▶ _WHAT YOU NEED TO DO_
Every line containing "ordered" should be copied out. Go through the entries and find them.

Collected data:
▼

(* Let $X$ be a quasi-lattice and $x,y,z\in X$. Then: (1) $x\tilde\vee x=x\tilde\wedge x=x$. (2) For $\alpha\ge0$, $(\alpha x)\tilde\vee(\alpha y)=\alpha(x\tilde\vee y)$ and $(\alpha x)\tilde\wedge(\alpha y)=\alpha(x\tilde\wedge y)$. (3) For $\alpha\le 0$, $(\alpha x)\tilde\vee(\alpha y)=\alpha(x\tilde\wedge y)$ and $(\alpha x)\tilde\wedge(\alpha y)=\alpha(x\tilde\vee y)$. (4) $(x\tilde\vee y)+z=(x+z)\tilde\vee(y+z)$ and $(x\tilde\wedge y)+z=(x+z)\tilde\wedge(y+z)$. (5) $x^{\pm}\ge0$ and $x^-=(-x)^+$. (6) $\lceil x\rceil\ge0$ and $\lceil\alpha x\rceil=|\alpha|\lceil x\rceil$ for all $\alpha\in\mathbb R$; in particular $\lceil -x\rceil=\lceil x\rceil$. (7) $x=x^+-x^-$, $x^+\tilde\wedge x^-=0$ and $\lceil x\rceil=x^++x^-$. (8) If $x\ge0$, then $x\tilde\wedge 0=0$ and $x=x^+=\lceil x\rceil$. (9) $\lceil\lceil x\rceil\rceil=\lceil x\rceil$. (10) $x\tilde\vee y+x\tilde\wedge y=x+y$ and $x\tilde\vee y-x\tilde\wedge y=\lceil x-y\rceil$. (11) $x\tilde\vee y=\frac12(x+y)+\frac12\lceil x-y\rceil$ and $x\tilde\wedge y=\frac12(x+y)-\frac12\lceil x-y\rceil$.
   Context: A pre-ordered Banach space is a real Banach space $X$ with a cone $X_+$ ($X_++X_+\subseteq X_+$, $\lambda X_+\subseteq X_+$ for $\lambda\ge0$); $x\le y$ means $y-x\in X_+$. For $A\subseteq X$, $\upsilon(A)$ is the set of upper bounds of $A$ and $\mu(A)$ the set of minimal upper bounds ($z\in\upsilon(A)$ with: $A\le w\le z$ implies $w=z$). Let $\sigma_{x,y}(z)=\|z-x\|+\|z-y\|$. A pre-ordered Banach space with closed cone is a $\upsilon$-quasi-lattice (resp. $\mu$-quasi-lattice) if for all $x,y$ the set $\upsilon(\{x,y\})$ (resp. $\mu(\{x,y\})$) is non-empty and contains a unique minimizer of $\sigma_{x,y}$ over that set, called the quasi-supremum $x\tilde\vee y$. A quasi-lattice is either a $\upsilon$- or a $\mu$-quasi-lattice, with $x\tilde\vee y$ the corresponding quasi-supremum. Define $x\tilde\wedge y:=-((-x)\tilde\vee(-y))$, $\lceil x\rceil:=(-x)\tilde\vee x$, $x^+:=0\tilde\vee x$, $x^-:=0\tilde\vee(-x)$. *)

theory Defs
  imports "HOL-Analysis.Analysis"
begin

text \<open>A pre-ordered Banach space is a real Banach space (type class banach) together
with a cone C (closed under addition and non-negative scaling); x \<le> y iff y - x \<in> C.\<close>

definition pcone :: "'a::real_vector set \<Rightarrow> bool" where
  "pcone C \<longleftrightarrow> (\<forall>x\<in>C. \<forall>y\<in>C. x + y \<in> C) \<and> (\<forall>x\<in>C. \<forall>l::real. l \<ge> 0 \<longrightarrow> l *\<^sub>R x \<in> C)"

definition cle :: "'a::real_vector set \<Rightarrow> 'a \<Rightarrow> 'a \<Rightarrow> bool" where
  "cle C x y \<longleftrightarrow> y - x \<in> C"

definition ubs :: "'a::real_vector set \<Rightarrow> 'a set \<Rightarrow> 'a set" where
  "ubs C A = {z. \<forall>a\<in>A. cle C a z}"

definition mubs :: "'a::real_vector set \<Rightarrow> 'a set \<Rightarrow> 'a set" where
  "mubs C A = {z \<in> ubs C A. \<forall>w. (\<forall>a\<in>A. cle C a w) \<and> cle C w z \<longrightarrow> w = z}"

definition sigma :: "'a::real_normed_vector \<Rightarrow> 'a \<Rightarrow> 'a \<Rightarrow> real" where
  "sigma x y z = norm (z - x) + norm (z - y)"

text \<open>The bound set used: mu = False gives upsilon-quasi-lattices, mu = True gives mu-quasi-lattices.\<close>
definition bset :: "'a::real_vector set \<Rightarrow> bool \<Rightarrow> 'a set \<Rightarrow> 'a set" where
  "bset C mu A = (if mu then mubs C A else ubs C A)"

definition is_qsup :: "'a::real_normed_vector set \<Rightarrow> bool \<Rightarrow> 'a \<Rightarrow> 'a \<Rightarrow> 'a \<Rightarrow> bool" where
  "is_qsup C mu x y z \<longleftrightarrow> z \<in> bset C mu {x, y} \<and> (\<forall>w\<in>bset C mu {x, y}. sigma x y z \<le> sigma x y w)"

definition quasi_lattice :: "'a::banach set \<Rightarrow> bool \<Rightarrow> bool" where
  "quasi_lattice C mu \<longleftrightarrow> pcone C \<and> closed C \<and>
     (\<forall>x y. bset C mu {x, y} \<noteq> {} \<and> (\<exists>!z. is_qsup C mu x y z))"

definition qsup :: "'a::real_normed_vector set \<Rightarrow> bool \<Rightarrow> 'a \<Rightarrow> 'a \<Rightarrow> 'a" where
  "qsup C mu x y = (THE z. is_qsup C mu x y z)"

definition qinf :: "'a::real_normed_vector set \<Rightarrow> bool \<Rightarrow> 'a \<Rightarrow> 'a \<Rightarrow> 'a" where
  "qinf C mu x y = - qsup C mu (- x) (- y)"

definition qabs :: "'a::real_normed_vector set \<Rightarrow> bool \<Rightarrow> 'a \<Rightarrow> 'a" where
  "qabs C mu x = qsup C mu (- x) x"

definition qpos :: "'a::real_normed_vector set \<Rightarrow> bool \<Rightarrow> 'a \<Rightarrow> 'a" where
  "qpos C mu x = qsup C mu 0 x"

definition qneg :: "'a::real_normed_vector set \<Rightarrow> bool \<Rightarrow> 'a \<Rightarrow> 'a" where
  "qneg C mu x = qsup C mu 0 (- x)"

end

theory Submission
  imports Defs
begin

text \<open>The quasi-supremum is the unique minimiser of z \<mapsto> \<parallel>z - x\<parallel> + \<parallel>z - y\<parallel> over the
  (minimal) upper bounds of {x, y}. A map z \<mapsto> a z + t with a > 0 is an automorphism of
  the cone order that carries these bound sets onto each other and scales the objective
  by a, so by uniqueness it commutes with the quasi-supremum; swapping x and y changes
  nothing either. If x \<le> y, the triangle inequality shows that y itself is the
  minimiser. Every identity of the theorem is then linear algebra on top of these three
  facts, with the quasi-infimum, positive part, negative part and modulus all expressed
  through the quasi-supremum.\<close>

lemma pcone_add: "pcone C \<Longrightarrow> x \<in> C \<Longrightarrow> y \<in> C \<Longrightarrow> x + y \<in> C"
  by (simp add: pcone_def)

lemma pcone_scaleR: "pcone C \<Longrightarrow> x \<in> C \<Longrightarrow> l \<ge> 0 \<Longrightarrow> l *\<^sub>R x \<in> C"
  by (simp add: pcone_def)

lemma cle_affine_iff:
  assumes "pcone C" and "a > 0"
  shows "cle C (a *\<^sub>R u + t) (a *\<^sub>R v + t) \<longleftrightarrow> cle C u v"
proof -
  have "a *\<^sub>R (v - u) \<in> C \<longleftrightarrow> v - u \<in> C"
  proof
    assume "a *\<^sub>R (v - u) \<in> C"
    from pcone_scaleR[OF assms(1) this, of "1/a"] assms
    show "v - u \<in> C"
      by simp
  qed (use assms in \<open>simp add: pcone_scaleR\<close>)
  moreover have "(a *\<^sub>R v + t) - (a *\<^sub>R u + t) = a *\<^sub>R (v - u)"
    by (simp add: algebra_simps)
  ultimately show ?thesis
    by (simp add: cle_def)
qed

lemma ubs_image:
  assumes emb: "\<And>u v. cle C (f u) (f v) \<longleftrightarrow> cle C u v" and "surj f"
  shows "ubs C (f ` A) = f ` ubs C A"
proof
  show "f ` ubs C A \<subseteq> ubs C (f ` A)"
    using emb by (auto simp: ubs_def)
  show "ubs C (f ` A) \<subseteq> f ` ubs C A"
  proof
    fix z assume "z \<in> ubs C (f ` A)"
    moreover obtain z' where "z = f z'"
      using \<open>surj f\<close> by (metis surjD)
    ultimately show "z \<in> f ` ubs C A"
      using emb by (auto simp: ubs_def)
  qed
qed

lemma mubs_eq: "mubs C A = {z \<in> ubs C A. \<forall>w \<in> ubs C A. cle C w z \<longrightarrow> w = z}"
  by (auto simp: mubs_def ubs_def)

lemma mubs_image:
  assumes emb: "\<And>u v. cle C (f u) (f v) \<longleftrightarrow> cle C u v" and "bij f"
  shows "mubs C (f ` A) = f ` mubs C A"
proof -
  have ubs: "ubs C (f ` A) = f ` ubs C A"
    using ubs_image[OF emb] \<open>bij f\<close> by (simp add: bij_is_surj)
  have "inj f"
    using \<open>bij f\<close> by (rule bij_is_inj)
  then show ?thesis
    unfolding mubs_eq ubs by (auto simp: emb inj_eq)
qed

▲

▶ _OUTPUT BELOW_
   Context: A pre-ordered Banach space is a real Banach space $X$ with a cone $X_+$ ($X_++X_+\subseteq X_+$, $\lambda X_+\subseteq X_+$ for $\lambda\ge0$); $x\le y$ means $y-x\in X_+$. For $A\subseteq X$, $\upsilon(A)$ is the set of upper bounds of $A$ and $\mu(A)$ the set of minimal upper bounds ($z\in\upsilon(A)$ with: $A\le w\le z$ implies $w=z$). Let $\sigma_{x,y}(z)=\|z-x\|+\|z-y\|$. A pre-ordered Banach space with closed cone is a $\upsilon$-quasi-lattice (resp. $\mu$-quasi-lattice) if for all $x,y$ the set $\upsilon(\{x,y\})$ (resp. $\mu(\{x,y\})$) is non-empty and contains a unique minimizer of $\sigma_{x,y}$ over that set, called the quasi-supremum $x\tilde\vee y$. A quasi-lattice is either a $\upsilon$- or a $\mu$-quasi-lattice, with $x\tilde\vee y$ the corresponding quasi-supremum. Define $x\tilde\wedge y:=-((-x)\tilde\vee(-y))$, $\lceil x\rceil:=(-x)\tilde\vee x$, $x^+:=0\tilde\vee x$, $x^-:=0\tilde\vee(-x)$. *)
text \<open>A pre-ordered Banach space is a real Banach space (type class banach) together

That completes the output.